BioJulia/Automa.jl

DFAs can take wrong actions due to ambiguities

Closed this issue · 3 comments

Consider the following, highly simplified FASTA format:

import Automa
import Automa.RegExp: @re_str
const re = Automa.RegExp

machine = (function ()
    header = re">[A-Z]+"
    seqline = re"[A-Z]+"
    sequence = seqline * re.rep(re"\n" * seqline)
    record = header * re"\n" * sequence
    fasta = re.rep1(record * re"\n")

    header.actions[:exit] = [:header]
    seqline.actions[:exit] = [:seqline]
    record.actions[:exit] = [:record]

    Automa.compile(fasta)
end)()

By definition of record, a record MUST contain a header, which contains a >. However see the flowchart produced for this machine by:

write("fasta.dot", Automa.machine2dot(machine))
run(`dot -Tsvg -o fasta.svg fasta.dot`)

The state 5 corresponds to seqline, and a following newline brings it to state 6. In this state transition, the action record is executed. But clearly, from the defition, we did not necessarily exit record! This creates a loop between state 5 and 6, such that record is executed at every newline.

This means that record can be repeatedly exited, without it being entered, and allows for e.g. a record only containing seqline, against the definition above.

Simplified to

machine = let
    C = re.rep(re"A" * re"B")
    D = C * re"A"
    C.actions[:enter] = [:enter]
    C.actions[:exit] = [:exit]
    Automa.compile(D)
end

Note in particular that the C pattern is entered once, and then can be exited an arbitrary amount of times with an input like "ABABAB".

Right, so I think I've figured out the problem. Let's have a simple regex C:

A = re"XZ"
B = re"XY"
C = A | B
A.actions[:enter] = [:entering_A]
B.actions[:enter] = [:entering_B]
A.actions[:exit] = [:exiting_A]
B.actions[:exit] = [:exiting_B]

Now, create an NFA using Automa.re2nfa(C) and visualize it. This NFA represents those regexes and their actions perfectly. Note that this NFA is truly nondeterministic; when encountering an "X" byte, it is impossible to know if we are entering the A regex or the B regex. In the NFA, this is visualized by two different epsilon edges, one that leads to A and one that leads to B. Only the one that leads to A have the action entering_A associated with it, and vice versa for B.

Now convert the NFA to a DFA. The resulting DFA is equivalent to the NFA only in the sense that it recognizes the same inputs. The edges are NOT the same, and consequently, the two epsilon edges, labeled with entering_A and entering_B are collapsed, and important information is lost. The result is that when we encounter an "X" byte, the regex enters BOTH A and B. Notably, at end of file, only ONE of these regexes are exited (which is clearly absurd)
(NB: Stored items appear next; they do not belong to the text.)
lemma iso_Th_iff:
  fixes M N :: "('a, 'f, 'r) struc"
  assumes M: "is_struc ar M" and h: "iso ar rar h M N"
    and csts: "csts_fm \<phi> \<subseteq> univ M" and fixes_csts: "\<forall>a\<in>csts_fm \<phi>. h a = a"
  shows "\<phi> \<in> Th ar rar M \<longleftrightarrow> \<phi> \<in> Th ar rar N"
proof -
  have bij: "bij_betw h (univ M) (univ N)" using h unfolding iso_def by blast
  have csts_N: "csts_fm \<phi> \<subseteq> univ N"
    using csts fixes_csts bij_betw_apply[OF bij] by force
  have N_assignment: "\<exists>e'. (\<forall>n. e' n \<in> univ M) \<and> e = h \<circ> e'" if "\<forall>n. e n \<in> univ N" for e
    using that bij by (intro exI[of _ "inv_into (univ M) h \<circ> e"])
      (auto simp: bij_betw_def inv_into_into f_inv_into_f)
  have "(\<forall>e. (\<forall>n. e n \<in> univ M) \<longrightarrow> sat M e \<phi>) \<longleftrightarrow> (\<forall>e. (\<forall>n. e n \<in> univ N) \<longrightarrow> sat N e \<phi>)"
    if wf: "wf_fm ar rar \<phi>"
  proof (intro iffI allI impI)
    fix e :: "nat \<Rightarrow> 'a" assume valid_M: "\<forall>e. (\<forall>n. e n \<in> univ M) \<longrightarrow> sat M e \<phi>" and "\<forall>n. e n \<in> univ N"
    then obtain e' where "\<forall>n. e' n \<in> univ M" "e = h \<circ> e'" using N_assignment by blast
    with valid_M show "sat N e \<phi>" using iso_sat[OF M h wf csts fixes_csts] by blast
  next
    fix e :: "nat \<Rightarrow> 'a" assume valid_N: "\<forall>e. (\<forall>n. e n \<in> univ N) \<longrightarrow> sat N e \<phi>" and e: "\<forall>n. e n \<in> univ M"
    then have "sat N (h \<circ> e) \<phi>" using bij_betw_apply[OF bij] by simp
    with e show "sat M e \<phi>" using iso_sat[OF M h wf csts fixes_csts] by blast
  qed
  with csts csts_N show ?thesis unfolding Th_def by blast
qed

theorem proposition3p7:
  fixes ar :: "'f \<Rightarrow> nat" and rar :: "'r \<Rightarrow> nat"
    and S :: "('a, 'f, 'r) struc" and I :: "'i set" and Sf :: "'i \<Rightarrow> ('a, 'f, 'r) struc"
  assumes "direct_limit ar rar S I Sf"
    and "\<forall>A. finite A \<and> A \<noteq> {} \<and> A \<subseteq> univ S \<longrightarrow>
           (\<exists>i\<in>I. A \<subseteq> univ (Sf i) \<and>
              (\<forall>j\<in>I. dl_le Sf i j \<longrightarrow>
                 (\<exists>h. iso ar rar h S (Sf j) \<and> (\<forall>a\<in>A. h a = a))))"
  shows "has_limI I (dl_le Sf) (\<lambda>i. Th ar rar (Sf i)) (Th ar rar S)"
proof (rule has_limI_if_eventually_eq)
  have subs: "\<forall>i\<in>I. substruc ar rar (Sf i) S" and univ_S: "univ S = (\<Union>i\<in>I. univ (Sf i))"
    and "I \<noteq> {}" and directed: "\<forall>i\<in>I. \<forall>j\<in>I. \<exists>k\<in>I. dl_le Sf i k \<and> dl_le Sf j k"
    using assms(1) unfolding direct_limit_def by auto
  then obtain i0 where "i0 \<in> I" by blast
  with subs have S: "is_struc ar S" unfolding substruc_def by blast
  then obtain a0 where a0: "a0 \<in> univ S" unfolding is_struc_def by blast
  show "\<forall>i\<in>I. \<forall>j\<in>I. \<exists>k\<in>I. dl_le Sf i k \<and> dl_le Sf j k" by (fact directed)
  fix \<phi> :: "('f, 'r, 'a) fm"
  show "\<exists>i\<in>I. \<forall>j\<in>I. dl_le Sf i j \<longrightarrow> (\<phi> \<in> Th ar rar (Sf j) \<longleftrightarrow> \<phi> \<in> Th ar rar S)"
  proof (cases "csts_fm \<phi> \<subseteq> univ S")
    case True
    \<comment> \<open>a0 is added only because the hypothesis is stated for nonempty sets.\<close>
    with a0 assms(2) obtain i where "i \<in> I" and
      "\<forall>j\<in>I. dl_le Sf i j \<longrightarrow> (\<exists>h. iso ar rar h S (Sf j) \<and> (\<forall>a\<in>insert a0 (csts_fm \<phi>). h a = a))"
      using finite_csts_fm[of \<phi>] by (metis finite_insert insert_not_empty insert_subset)
    with True show ?thesis using iso_Th_iff[OF S] by blast
  next
    case False
    then have "\<phi> \<notin> Th ar rar (Sf j)" if "j \<in> I" for j
      using that univ_S unfolding Th_def by blast
    with False show ?thesis using \<open>i0 \<in> I\<close> unfolding Th_def by blast
  qed
qed

end
lemma superquant_in_outcomes:
  assumes disj: "\<And>l r r'. l < L j \<Longrightarrow> r \<in> {1..R j l} \<Longrightarrow> r' \<in> {1..R j l} \<Longrightarrow> r \<noteq> r'
                   \<Longrightarrow> I j l r \<inter> I j l r' = {}"
    and cover: "\<And>l. l < L j \<Longrightarrow> \<exists>r\<in>{1..R j l}. restrict x (K j l) \<in> I j l r"
  shows "superquant I R L K j x \<in> outcomes R L j"
proof -
  have "quant I R j l (restrict x (K j l)) \<in> {1..R j l}" if l: "l < L j" for l
  proof -
    obtain r where r: "r \<in> {1..R j l}" "restrict x (K j l) \<in> I j l r"
      using cover[OF l] by blast
    have "quant I R j l (restrict x (K j l)) = r"
      using disj[OF l] r by (rule quant_eq)
    with r show ?thesis
      by simp
  qed
  then show ?thesis
    by (simp add: superquant_def outcomes_def)
qed

lemma (in prob_space) sum_prob_fibres_eq_1:
  assumes meas: "f \<in> measurable M (count_space UNIV)"
    and "finite S" and range: "\<And>x. x \<in> space M \<Longrightarrow> f x \<in> S"
  shows "(\<Sum>s\<in>S. prob {x \<in> space M. f x = s}) = 1"
proof -
  have "{x \<in> space M. f x = s} \<in> events" for s
    using measurable_sets[OF meas, of "{s}"] by (simp add: vimage_def Int_def conj_commute)
  then have "prob {x \<in> space M. True} = (\<Sum>s\<in>S. prob {x \<in> space M. f x = s})"
    using \<open>finite S\<close> range by (intro prob_sum) auto
  then show ?thesis
    using prob_space by simp
qed

lemma sum_outcome_probs_eq_1:
  assumes "prob_space P" "sets P = sets M"
    and meas: "superquant I R L K j \<in> measurable M (count_space UNIV)"
    and disj: "\<And>l r r'. l < L j \<Longrightarrow> r \<in> {1..R j l} \<Longrightarrow> r' \<in> {1..R j l} \<Longrightarrow> r \<noteq> r'
                   \<Longrightarrow> I j l r \<inter> I j l r' = {}"
    and cover: "\<And>l x. l < L j \<Longrightarrow> x \<in> space M \<Longrightarrow> \<exists>r\<in>{1..R j l}. restrict x (K j l) \<in> I j l r"
  shows "(\<Sum>s\<in>outcomes R L j. measure P {x \<in> space M. superquant I R L K j x = s}) = 1"
proof -
  interpret prob_space P
    by fact
  have space_eq: "space P = space M"
    using \<open>sets P = sets M\<close> by (rule sets_eq_imp_space_eq)
  have "superquant I R L K j \<in> measurable P (count_space UNIV)"
    using meas measurable_cong_sets[OF \<open>sets P = sets M\<close> refl] by blast
  moreover have "superquant I R L K j x \<in> outcomes R L j" if "x \<in> space P" for x
    using disj cover[OF _ that[unfolded space_eq]] by (rule superquant_in_outcomes)
  ultimately show ?thesis
    unfolding space_eq[symmetric] by (rule sum_prob_fibres_eq_1[OF _ finite_outcomes])
qed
This is impossible to solve, I think, but it would really be nice if there was some sort of warning or even an error if attempting to convert an NFA that had actions associated to ambiguous transitions to a DFA.

Edit: This can be done by modifying the epsilon_closure function. If you can go multiple paths from one node to another node only moving through epsilon edges, and not all these paths have the same labeled edges, then the machine is ambiguous and should not be compiled.

Solved by #49